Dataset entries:
*** Begin section ***
text \<open>For lifetime slot \<open>k\<close> there are only \<open>k + 2\<close> admissible birth slots.\<close>

lemma sum_lifetime_slot_mass_le:
  assumes "\<delta> > 0" "finite T" "\<And>m' k. (m', k) \<in> T \<Longrightarrow> m' \<le> m \<and> m - m' \<le> int k + 1"
  shows "(\<Sum>(m', k)\<in>T. lifetime_slot_mass \<delta> k) \<le> ancestor_factor \<delta>"
proof -
  define q where "q = exp (- \<delta>)"
  have q: "0 \<le> q" "q < 1" using assms unfolding q_def by auto
  have slot_q: "lifetime_slot_mass \<delta> k = \<delta> * (q ^ k - q ^ Suc k)" for k
    unfolding q_def lifetime_slot_mass_def
    by (simp add: exp_of_nat_mult[symmetric] algebra_simps exp_add[symmetric])
  define n where "n = Max (insert 0 (snd ` T))"
  have kn: "k \<le> n" if "(m', k) \<in> T" for m' k
    unfolding n_def using assms(2) that by (intro Max_ge) force+
  have "(\<Sum>(m', k)\<in>T. lifetime_slot_mass \<delta> k) \<le> (\<Sum>(k, m')\<in>(SIGMA k:{..n}. {m - int k - 1 .. m}). lifetime_slot_mass \<delta> k)"
  proof -
    have inj: "inj_on (\<lambda>(k::nat, m'::int). (m', k)) X" for X by (auto simp: inj_on_def)
    have "(\<Sum>(m', k)\<in>T. lifetime_slot_mass \<delta> k)
        \<le> (\<Sum>(m', k)\<in>(\<lambda>(k, m'). (m', k)) ` (SIGMA k:{..n}. {m - int k - 1 .. m}). lifetime_slot_mass \<delta> k)"
      using assms(3) kn
      by (intro sum_mono2) (force simp: image_iff lifetime_slot_mass_nonneg[OF assms(1)])+
    also have "\<dots> = (\<Sum>(k, m')\<in>(SIGMA k:{..n}. {m - int k - 1 .. m}). lifetime_slot_mass \<delta> k)"
      by (subst sum.reindex[OF inj]) (simp add: case_prod_beta)
    finally show ?thesis .
  qed
  also have "\<dots> = (\<Sum>k\<le>n. (real k + 2) * lifetime_slot_mass \<delta> k)"
    by (subst sum.Sigma[symmetric]) (auto simp: nat_add_distrib add.commute)
  also have "\<dots> = \<delta> * (\<Sum>k\<le>n. (real k + 2) * (q ^ k - q ^ Suc k))"
    unfolding slot_q by (simp add: sum_distrib_left algebra_simps)
  also have "\<dots> \<le> \<delta> * (1 + 1 / (1 - q))"
    using sum_weighted_geometric_le[OF q] assms(1) by (intro mult_left_mono) auto
  finally show ?thesis unfolding ancestor_factor_def q_def .
qed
*** End section ***
How to complete this task: Reproduce exactly the lines above from the line with "k) \<le> ancestor_factor" to the line with "by (subst sum.Sigma[symmetric])", including both, and add nothing.

Task solution:
  shows "(\<Sum>(m', k)\<in>T. lifetime_slot_mass \<delta> k) \<le> ancestor_factor \<delta>"
proof -
  define q where "q = exp (- \<delta>)"
  have q: "0 \<le> q" "q < 1" using assms unfolding q_def by auto
  have slot_q: "lifetime_slot_mass \<delta> k = \<delta> * (q ^ k - q ^ Suc k)" for k
    unfolding q_def lifetime_slot_mass_def
    by (simp add: exp_of_nat_mult[symmetric] algebra_simps exp_add[symmetric])
  define n where "n = Max (insert 0 (snd ` T))"
  have kn: "k \<le> n" if "(m', k) \<in> T" for m' k
    unfolding n_def using assms(2) that by (intro Max_ge) force+
  have "(\<Sum>(m', k)\<in>T. lifetime_slot_mass \<delta> k) \<le> (\<Sum>(k, m')\<in>(SIGMA k:{..n}. {m - int k - 1 .. m}). lifetime_slot_mass \<delta> k)"
  proof -
    have inj: "inj_on (\<lambda>(k::nat, m'::int). (m', k)) X" for X by (auto simp: inj_on_def)
    have "(\<Sum>(m', k)\<in>T. lifetime_slot_mass \<delta> k)
        \<le> (\<Sum>(m', k)\<in>(\<lambda>(k, m'). (m', k)) ` (SIGMA k:{..n}. {m - int k - 1 .. m}). lifetime_slot_mass \<delta> k)"
      using assms(3) kn
      by (intro sum_mono2) (force simp: image_iff lifetime_slot_mass_nonneg[OF assms(1)])+
    also have "\<dots> = (\<Sum>(k, m')\<in>(SIGMA k:{..n}. {m - int k - 1 .. m}). lifetime_slot_mass \<delta> k)"
      by (subst sum.reindex[OF inj]) (simp add: case_prod_beta)
    finally show ?thesis .
  qed
  also have "\<dots> = (\<Sum>k\<le>n. (real k + 2) * lifetime_slot_mass \<delta> k)"
    by (subst sum.Sigma[symmetric]) (auto simp: nat_add_distrib add.commute)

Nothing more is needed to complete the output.